In the code NN578_network.ipynb (its html), there are two places where forward propagation is performed -- the function feedforward(), and a block of code in the function backprop(). The former is a function called from the function evaluate() to obtain the network output/activation for a given test/validation instance (using the learned weights), while the latter is the first phase in the backpropagation algorithm.

    def feedforward(self, a):
        """Return the output of the network if ``a`` is input.  Note this 
        function is called during evaluation; not during training/backprop."""
        for b, w in zip(self.biases, self.weights):
            a = sigmoid(np.dot(w, a) + b)
        return a

    def backprop(self, x, y):
	.... 
        # forward pass
        activation = x
        activations = [x]  # list to store all the activations, layer by layer

        zs = []  # list to store all the z vectors, layer by layer
        for b, w in zip(self.biases, self.weights):
            z = np.dot(w, activation) + b
            zs.append(z)
            activation = sigmoid(z)
            activations.append(activation)

Both of them do essentially the same task but are written differently.

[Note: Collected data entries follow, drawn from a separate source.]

lemma robin_energy_identity:
  assumes "\<alpha> > 0" "a < b"
    and "\<And>x. x \<in> {a..b} \<Longrightarrow> (w has_real_derivative w' x) (at x)" "continuous_on {a..b} w'"
  defines "\<omega> \<equiv> robin_freq \<alpha> (b - a)"
  shows "integral {a..b} (\<lambda>x. (w' x)\<^sup>2) + \<alpha> * ((w a)\<^sup>2 + (w b)\<^sup>2)
       = robin_first_eig \<alpha> (b - a) * integral {a..b} (\<lambda>x. (w x)\<^sup>2)
         + integral {a..b} (\<lambda>x. (w' x + \<omega> * tan (\<omega> * (x - (a + b) / 2)) * w x)\<^sup>2)"
proof -
  define \<psi> where "\<psi> x = - \<omega> * tan (\<omega> * (x - (a + b) / 2))" for x
  have "(\<psi> has_real_derivative - (\<omega>\<^sup>2 + (\<psi> x)\<^sup>2)) (at x)" if "x \<in> {a..b}" for x
  proof -
    have c: "cos (\<omega> * (x - (a + b) / 2)) \<noteq> 0"
      using cos_robin_phase_pos[OF assms(1,2) that] unfolding \<omega>_def by simp
    then have sec: "inverse ((cos (\<omega> * (x - (a + b) / 2)))\<^sup>2) = 1 + (tan (\<omega> * (x - (a + b) / 2)))\<^sup>2"
      by (simp add: tan_sec power_inverse)
    have "((\<lambda>x. \<omega> * (x - (a + b) / 2)) has_real_derivative \<omega>) (at x)"
      by (auto intro!: derivative_eq_intros)
    from DERIV_cmult[OF DERIV_chain2[OF DERIV_tan[OF c] this], of "- \<omega>"] show ?thesis
      unfolding \<psi>_def sec by (simp add: power2_eq_square algebra_simps)
  qed
  note identity = riccati_energy_identity[OF _ assms(3,4) this]
  have "\<omega> * ((b - a) / 2) = robin_angle \<alpha> (b - a)" unfolding \<omega>_def robin_freq_def using assms by simp
  then have "\<psi> a = \<alpha>" "\<psi> b = - \<alpha>"
    using robin_freq_tan[of \<alpha> "b - a"] assms unfolding \<psi>_def \<omega>_def by (simp_all add: field_simps)
  then show ?thesis
    using identity assms(2) unfolding \<psi>_def robin_first_eig_def \<omega>_def by (simp add: algebra_simps)
qed

lemma integral_square_nonneg: "integral S (\<lambda>x. (f x)\<^sup>2 :: real) \<ge> 0"
  by (cases "(\<lambda>x. (f x)\<^sup>2) integrable_on S") (simp_all add: integral_nonneg not_integrable_integral)

lemma robin_poincare:
  assumes "\<alpha> > 0" "a < b"
    and "\<And>x. x \<in> {a..b} \<Longrightarrow> (w has_real_derivative w' x) (at x)" "continuous_on {a..b} w'"
  shows "robin_first_eig \<alpha> (b - a) * integral {a..b} (\<lambda>x. (w x)\<^sup>2)
       \<le> integral {a..b} (\<lambda>x. (w' x)\<^sup>2) + \<alpha> * ((w a)\<^sup>2 + (w b)\<^sup>2)"
  using robin_energy_identity[OF assms] integral_square_nonneg by simp

definition robin_mode :: "real \<Rightarrow> real \<Rightarrow> real \<Rightarrow> real" where
  "robin_mode \<alpha> l x = cos (robin_freq \<alpha> l * (x - l / 2))"

definition robin_mode_deriv :: "real \<Rightarrow> real \<Rightarrow> real \<Rightarrow> real" where
  "robin_mode_deriv \<alpha> l x = - robin_freq \<alpha> l * sin (robin_freq \<alpha> l * (x - l / 2))"

lemma robin_mode_has_derivative: "(robin_mode \<alpha> l has_real_derivative robin_mode_deriv \<alpha> l x) (at x)"
  unfolding robin_mode_def robin_mode_deriv_def by (auto intro!: derivative_eq_intros)

lemma continuous_on_robin_mode: "continuous_on S (robin_mode \<alpha> l)"
  unfolding robin_mode_def by (intro continuous_intros)

lemma continuous_on_robin_mode_deriv: "continuous_on S (robin_mode_deriv \<alpha> l)"
  unfolding robin_mode_deriv_def by (intro continuous_intros)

Why is that? Could backprop() call feedforward() to propagate the input (x) forward (as is, without making change in feedforward())? Explain fully and in detail.

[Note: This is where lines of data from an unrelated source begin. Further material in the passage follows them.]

lemma regular_imp_card_Int:
  assumes P2: "axiom_P2 L" and U: "U \<in> Bk" "U' \<in> Bk" "U \<noteq> U'"
    and C: "regular P L k B m C" "\<forall>R\<in>C. U \<in> R \<and> U' \<in> R"
  shows "card (U \<inter> U' \<inter> B) = k"
proof (rule ccontr)
  assume "card (U \<inter> U' \<inter> B) \<noteq> k"
  then have small: "card (U \<inter> U' \<inter> B) < k"
    using card_Int_le_if_ne[OF U] by simp
  obtain T p0 V where T: "T \<subseteq> B \<times> B - Id" "p0 \<in> T"
    and INT: "(\<Inter>(a, b)\<in>T. through_avoiding a b) = {V}"
    and in_C: "\<And>p. p \<in> T \<Longrightarrow> p \<noteq> p0 \<Longrightarrow> case_prod through_avoiding p \<in> C"
    using regular_pairsE[OF P2 C(1)] by blast
  have "a \<in> insert (fst p0) (U \<inter> U' \<inter> B) \<and> b \<in> insert (snd p0) (B - (U \<union> U'))"
    if "(a, b) \<in> T" for a b
  proof (cases "(a, b) = p0")
    case False
    then have "U \<in> through_avoiding a b" "U' \<in> through_avoiding a b"
      using in_C[OF that] C(2) by auto
    moreover have "a \<in> B" "b \<in> B"
      using that T(1) by blast+
    ultimately show ?thesis
      unfolding through_avoiding_def by blast
  qed force
  then have "fst ` T \<subseteq> insert (fst p0) (U \<inter> U' \<inter> B)" "snd ` T \<subseteq> insert (snd p0) (B - (U \<union> U'))"
    by force+
  then have "card (fst ` T) \<le> card (U \<inter> U' \<inter> B) + 1" "card (snd ` T) \<le> card (B - (U \<union> U')) + 1"
    using finite_B by (blast intro: card_subset_insert_le finite_subset)+
  then have "card (fst ` T) \<le> k" "card (snd ` T) + k + 2 \<le> card B"
    using small card_B_Diff_Un[OF U(1,2)] card_B by linarith+
  moreover have "T \<subseteq> B \<times> B" "T \<noteq> {}"
    using T(1,2) by blast+
  ultimately show False
    using INT_through_avoiding_not_singleton INT by blast
qed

2. Add comments to a code snippet

For the following code snippet (from the function backprop() in NN578_network.ipynb (its html), explain what each line is doing.

1: delta = self.cost_derivative(activations[-1], y) * \
2:           sigmoid_prime(zs[-1]) 
3: nabla_b[-1] = delta
4: nabla_w[-1] = np.dot(delta, activations[-2].transpose())

For each of the 3 lines (you can count lines 1 and 2 as one line), explain in detail what the line is doing, meaning-wise. Explain what it is trying to accomplish. Do NOT just say what is happening syntactically (for example "a is multiplied by b" -- you will get 0 points for such answers).
Include these points in your explanation (REQUIRED):
- Why is the first line using * but the third line is using np.dot()?
- Can you change the order of the two arguments in line 1 and 2 (i.e., "sigmoid_prime(zs[-1] * activations[-1]" to "activations[-1] * sigmoid_prime(zs[-1]") and get the same expected/correct result? Why or why not?
- Why is .transpose() used in the last line? Is it really needed? Would it work without it (i.e., just "activations[-2]")?
- Can you change the order of the two arguments in line 4 (i.e., "np.dot(activations[-2].transpose(), delta)" to "np.dot(delta, activations[-2].transpose())") and get the same expected/correct result? Why or why not?

3. [Extra Credit] Backpropagation of Error

This question is NOT required. You only give your answer if you are interested in getting an extra credit.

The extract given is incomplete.